Quinoa Love. What is up with Quinoa? (pronounced: KEEN-waa) and why is it showing up in supermarkets, cereals, and menus all over!
Heres the scoop…
Quinoa is considered a ‘superfood’. It is actually a seed, not a grain, and so it is excellent for Celiacs. It has been consumed for more than 8,000 years in the Andes Mountains in South America. You know – where those incredible barefoot runners are from?
It contains all eight of the necessary amino acids which means it is a COMPLETE protein. In fact its protein content is equal to milk! It is super easy to digest and gluten-free. Super important for everyone, but especially for vegans and vegetarians who don’t get these nutrients from meat, are the B vitamins, iron, zinc, potassium, calcium and vitamin E. Quinoa strengthens the vital organs, specifically the kidneys, heart, and lungs and is also an ideal food for endurance energy!
Preparing Quinoa:
My number one tip is to rinse, rinse , rinse. Quinoa has a naturally occurring coating which tastes bitter. This is called saponin and its thought to be a defense mechanism for survival against birds and insects – what do you expect from a age old grain? Quinoa is generally rinsed before being packaged, but it is always best to do another rinse before you cook it.
Quinoa Cooking Method:
Generally when I cook quinoa I cook a large batch so I have enough to add to other dishes throughout the week. here is the basic recipe:
- 1 part quinoa
- 2 parts water
- salt to taste
Using a fine mesh strainer, rinse quinoa with cool water until the water runs clear. Combine quinoa and water in a saucepan. Cover and bring to a boil. Reduce heat to a simmer and continue to cook covered for 15 minutes or until all water has been absorbed. Remove from heat and let stand for 5 minutes covered; fluff with a fork. Season as you like.

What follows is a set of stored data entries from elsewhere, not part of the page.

(* Let $\beta_0,\beta_1,\beta_2,\beta_3,\beta_4\in\mathbb{R}$, and put $$L^{+}:=\sqrt{(\beta_1+\beta_4)^2+(\beta_2-\beta_3)^2},\qquad L^{-}:=\sqrt{(\beta_1-\beta_4)^2+(\beta_2+\beta_3)^2}.$$ Let $\rho$ be a generalised two-qubit $X$-state of Group 2 of Type I with maximally-mixed subsystems ($\tau_1=\tau_2=0$) and these parameters, so that the eigenvalues of $\rho$ are $\tfrac14(1+\beta_0\pm L^{-})$, $\tfrac14(1-\beta_0\pm L^{+})$. Suppose $\rho$ is valid and entangled. Then $\beta_0<0$ if and only if $L^{+}>L^{-}$.
   Context: A two-qubit Hermitian $4\times4$ matrix $\rho$ of trace one is called valid if it is positive semidefinite. For a valid $\rho$, $\rho^{\Gamma}$ denotes its partial transpose (with respect to either qubit). $\rho$ is called separable if $\rho^{\Gamma}$ is positive semidefinite and entangled otherwise (PPT criterion). Group 2 $X$-states are two-qubit density matrices of the form $\rho=\tfrac14(I\otimes I+\sum_{q}c_q\,q)$, where $q$ ranges over the seven nontrivial Pauli operators commuting with a fixed operator $A\otimes B$ with $A,B\in\{X,Y,Z\}$. Example: for $A\otimes B=Z\otimes Z$, $\rho=\tfrac14(I\otimes I+\tau_1 Z\otimes I+\tau_2 I\otimes Z+\beta_0 Z\otimes Z+\beta_1 X\otimes X+\beta_2 X\otimes Y+\beta_3 Y\otimes X+\beta_4 Y\otimes Y)$. In general $\tau_1,\tau_2$ are the coefficients of the two local operators, $\beta_0$ is the coefficient of the correlation operator sharing no tensor factor with the other correlation operators, and $\beta_1,\beta_2,\beta_3,\beta_4$ are the entries of the remaining $2\times2$ block $\begin{pmatrix}\beta_1&\beta_2\\ \beta_3&\beta_4\end{pmatrix}$ of the correlation matrix. "Maximally-mixed subsystems" means $\tau_1=\tau_2=0$. Such a state with $\tau_1=\tau_2=0$ is of Type I if the eigenvalues of $\rho$ are $\tfrac14(1+\beta_0\pm L^{-})$ and $\tfrac14(1-\beta_0\pm L^{+})$, and the eigenvalues of $\rho^{\Gamma}$ are $\tfrac14(1+\beta_0\pm L^{+})$ and $\tfrac14(1-\beta_0\pm L^{-})$. The $Z\otimes Z$ example above is of Type I. *)

theory Defs
  imports "Jordan_Normal_Form.Matrix" "Jordan_Normal_Form.Char_Poly" "HOL-Library.Multiset"
begin
lemma iet_bounded_away_from_one:
  assumes f: "is_iet f" and a: "0 \<le> a" "a < 1"
  obtains M where "M < 1" "\<forall>y\<in>{0..a}. f y \<le> M"
proof -
  obtain D where D: "finite D" "locally_translation_off f D" using iet_breakpoints[OF f] by blast
  define E where "E = {0, a} \<union> D \<inter> {0..a}"
  have E: "finite E" "E \<subseteq> {0..a}" "0 \<in> E" "a \<in> E" using D(1) a unfolding E_def by auto
  have "f y \<le> Max (f ` E)" if y: "y \<in> {0..a}" "y \<notin> E" for y
  proof -
    define p where "p = Max {e\<in>E. e < y}"
    define q where "q = Min {e\<in>E. y \<le> e}"
    have "0 < y" using y E(3) by (cases "y = 0") auto
    have "p \<in> {e\<in>E. e < y}" unfolding p_def by (rule Max_in) (use E \<open>0 < y\<close> in auto)
    moreover have "q \<in> {e\<in>E. y \<le> e}" unfolding q_def by (rule Min_in) (use E y in auto)
    ultimately have p: "p \<in> E" "p < y" and q: "q \<in> E" "y \<le> q" by auto
    have "{p<..<q} \<inter> D = {}"
    proof (intro equals0I)
      fix d assume d: "d \<in> {p<..<q} \<inter> D"
      then have "d \<in> E" using p q E(2) unfolding E_def by auto
      show False
      proof (cases "d < y")
        case True
        then have "d \<le> p" unfolding p_def using \<open>d \<in> E\<close> E(1) by (intro Max_ge) auto
        then show False using d by auto
      next
        case False
        then have "q \<le> d" unfolding q_def using \<open>d \<in> E\<close> E(1) by (intro Min_le) auto
        then show False using d by auto
      qed
    qed
    moreover have "0 \<le> p" "p < q" "q < 1" "y \<in> {p<..q}" using p q E(2) a by auto
    ultimately have "f y - y = f q - q"
      using iet_translation_piece_between_breakpoints[OF f D(2)] by blast
    moreover have "f q \<le> Max (f ` E)" using q E(1) by simp
    ultimately show ?thesis using q by linarith
  qed
  moreover have "Max (f ` E) < 1"
    using E a iet_maps_to[OF f] by (subst Max_less_iff) force+
  ultimately show ?thesis using that[of "Max (f ` E)"] E(1) by force
qed

lemma iet_eq_id_near_one:
  assumes f: "is_iet f"
  obtains a where "0 \<le> a" "a < 1" "\<forall>y\<in>{a<..<1}. f y = y"
proof -
  obtain D where D: "finite D" "locally_translation_off f D" using iet_breakpoints[OF f] by blast
  obtain a where a: "0 \<le> a" "a < 1" "{a<..<1} \<inter> D = {}"
    using finite_avoiding_interval_below[OF D(1), of 0 1] by auto
  define c where "c = f ((a + 1) / 2) - (a + 1) / 2"
  have c: "f y = y + c" if "y \<in> {a<..<1}" for y
    using translation_constant_between_breakpoints[OF D(2) a(1) _ a(3) that, of "(a + 1) / 2"] a
    unfolding c_def by auto
  have "c = 0"
  proof (rule ccontr)
    assume "c \<noteq> 0"
    then consider "c > 0" | "c < 0" by linarith
    then show False
    proof cases
      case 1
      define y where "y = max ((a + 1) / 2) (1 - c / 2)"
      have y: "y \<in> {a<..<1}" using a 1 unfolding y_def by (auto simp: less_max_iff_disj)
      then show False using c[OF y] iet_maps_to[OF f, of y] a 1 unfolding y_def by auto
    next
      case 2
      \<comment> \<open>then points just below 1 are hit neither from (a,1) nor from [0,a]\<close>
      obtain M where M: "M < 1" "\<forall>y\<in>{0..a}. f y \<le> M"
        using iet_bounded_away_from_one[OF f a(1,2)] .
      define z where "z = (max (max M (1 + c)) a + 1) / 2"
      have z: "M < z" "1 + c < z" "a < z" "z < 1" using M(1) a 2 unfolding z_def by (auto simp: max_def)
      then have "z \<in> {0..<1}" using a by auto
      then obtain y where y: "y \<in> {0..<1}" "f y = z"
        using iet_bij_betw[OF f] by (metis bij_betw_iff_bijections)
      show False
      proof (cases "y \<le> a")
        case True
        then have "f y \<le> M" using M(2) y(1) by auto
        then show False using y(2) z(1) by simp
      next
        case False then show False using y c[of y] z(2) by auto
      qed
    qed
  qed
  then show ?thesis using that a c by auto
qed

lemma iet_idempotent_eq_id:
  assumes f: "is_iet f" and "f \<circ> f = f"
  shows "f = id"
proof
  fix x
  show "f x = id x"
  proof (cases "x \<in> {0..<1}")
    case True
    have "f (f x) = f x" using assms(2) by (metis comp_apply)
    then show ?thesis
      using bij_betw_imp_inj_on[OF iet_bij_betw[OF f]] iet_maps_to[OF f True] True
      by (auto dest: inj_onD)
  qed (simp add: iet_fixes_outside[OF f])
qed

lemma iet_eqI:
  assumes f: "is_iet f" and g: "is_iet g" and eq: "\<And>v. v \<in> {0<..<1} \<Longrightarrow> f v = g v"
  shows "f = g"
proof
  fix x
  show "f x = g x"
  proof (cases "x \<in> {0<..<1}")
    case False
    then have "x = 0 \<or> x \<notin> {0..<1}" by auto
    then show ?thesis
      using iet_fixes_zero[OF f] iet_fixes_zero[OF g] iet_fixes_outside[OF f] iet_fixes_outside[OF g]
      by auto
  qed (rule eq)
qed

definition close_at_one :: "(real \<Rightarrow> real) \<Rightarrow> real \<Rightarrow> real" where
  "close_at_one f u = (if u = 1 then 1 else f u)"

Not only is quinoa delicious plain, with a little seasoning it can also be added to all sorts of dishes! Like rice, quinoa can be used as a side dish, a pilaf, a cold salad, a breakfast cereal or added to cookie dough. Your imagination is your only limitation! Here is a sweet and savory recipes for you to give this super seed a try! Enjoy!
Super Crunchy Quinoa Salad with Mojito Citrus Dressing
(Serves 1 large salad or 2 side salads)
Ingredients:
1/2 red bell pepper, small dice
1 small to med carrot, small dice
2 radishes, thinly sliced
Cucumber about 2”, small dice
handful of sugar snap peas, chopped
pile of baby mixed greens, rinsed
3/4 c. cooked quinoa, chilled
Toss ingredients together with dressing (below), sprinkle with some raw shelled hemp seeds and enjoy!
Mojito Citrus Dressing
Ingredients:
1 tbs dijon
1/2 tbs raw honey
1 shallot, minced
3-4 stems of mint, minced
3-4 stems of italian parsley, minced
juice of 1-2 ripe limes (you can substitute a lemon if you fancy)
1/2 c. olive oil
1/2 c. grapeseed oil or another neutral oil
salt and pepper to taste
In a small bowl, add honey, dijon, shallot. Whisk together and slowly incorporate oil while whisking. The dressing should get nice and thick . Add the herbs and juice of the lime. Season with salt and pepper to taste.